- Work item: Give back only the line containing "then show ?thesis" and every line after it through the end of the data below, transcribed exactly.

Recorded data:
============
theorem proposition3p1:
  fixes N :: nat and \<tau> \<eta> \<sigma> \<theta>i :: real
    and X Xt :: "nat \<Rightarrow> nat \<Rightarrow> pt" and \<kappa> :: "nat \<Rightarrow> nat \<Rightarrow> real"
    and Xe :: "nat \<Rightarrow> pt" and \<kappa>e :: "nat \<Rightarrow> real"
  assumes N3: "N \<ge> 3"
    and tau: "\<tau> > 0" and eta: "\<eta> > 0"
    and sigma: "\<sigma> = cos \<theta>i" "0 < \<theta>i" "\<theta>i < pi"
    and sol: "pc_zjb_solution N \<tau> \<eta> \<sigma> X \<kappa> Xt"
    and edges_pos: "\<forall>m. \<forall>j\<in>{1..N}. elen (X m) j > 0"
    and Xe_in: "inXh N Xe"
    and conv_X: "\<forall>k\<le>N. (\<lambda>m. X m k) \<longlonglongrightarrow> Xe k"
    and conv_kappa: "\<forall>k\<le>N. (\<lambda>m. \<kappa> m k) \<longlonglongrightarrow> \<kappa>e k"
    and conv_Xt: "\<forall>k\<le>N. (\<lambda>m. Xt m k) \<longlonglongrightarrow> Xe k"
    and edges_e_pos: "\<forall>i\<in>{1..N}. elen Xe i > 0"
  shows "(\<exists>\<kappa>c. \<kappa>c \<noteq> 0 \<and>
            (\<forall>j\<in>{1..N}. \<forall>\<rho>\<in>{node N (j - 1)..node N j}. interp N \<kappa>e j \<rho> = \<kappa>c))
       \<and> (\<lambda>m. mesh_ratio N (X m)) \<longlonglongrightarrow> mesh_ratio N Xe
       \<and> mesh_ratio N Xe = 1
       \<and> (\<exists>C0>0. C0 \<le> \<bar>\<kappa>e 0\<bar> * curve_length N Xe
            \<and> \<bar>cos (theta_l N Xe) - \<sigma>\<bar> \<le> C0 * meshh N
            \<and> \<bar>cos (theta_r N Xe) - \<sigma>\<bar> \<le> C0 * meshh N)"
proof -
  have N: "N > 0"
    using N3 by simp
  have eq: "equilibrium N \<sigma> Xe \<kappa>e"
    by (rule pc_zjb_solution_limit_equilibrium[OF sol conv_X conv_kappa conv_Xt])
       (use edges_e_pos in force)
  have "\<bar>\<sigma>\<bar> < 1"
    using abs_cos_less_1 sigma by simp
  then have c: "\<kappa>e 0 \<noteq> 0"
    by (rule equilibrium_curvature_nonzero[OF eq Xe_in edges_e_pos N])
  have equal: "\<forall>j\<in>{1..N}. elen Xe j = elen Xe 1"
    using equilibrium_edges_eq[OF eq edges_e_pos c] by blast
  have "interp N \<kappa>e j \<rho> = \<kappa>e 0" if "j \<in> {1..N}" for j \<rho>
    using equilibrium_curvature_const[OF eq edges_e_pos] that by (rule interp_const)
  then show ?thesis
    using c tendsto_mesh_ratio[OF N conv_X edges_e_pos] mesh_ratio_eq_1[OF N _ equal]
      equilibrium_contact_angles[OF eq edges_e_pos N equal] curve_length_pos[OF N edges_e_pos]
      edges_e_pos N
    by (intro conjI exI[of _ "\<kappa>e 0"] exI[of _ "\<bar>\<kappa>e 0\<bar> * curve_length N Xe / 2"]) auto
qed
============
- Answer box:
  then show ?thesis
    using c tendsto_mesh_ratio[OF N conv_X edges_e_pos] mesh_ratio_eq_1[OF N _ equal]
      equilibrium_contact_angles[OF eq edges_e_pos N equal] curve_length_pos[OF N edges_e_pos]
      edges_e_pos N
    by (intro conjI exI[of _ "\<kappa>e 0"] exI[of _ "\<bar>\<kappa>e 0\<bar> * curve_length N Xe / 2"]) auto
qed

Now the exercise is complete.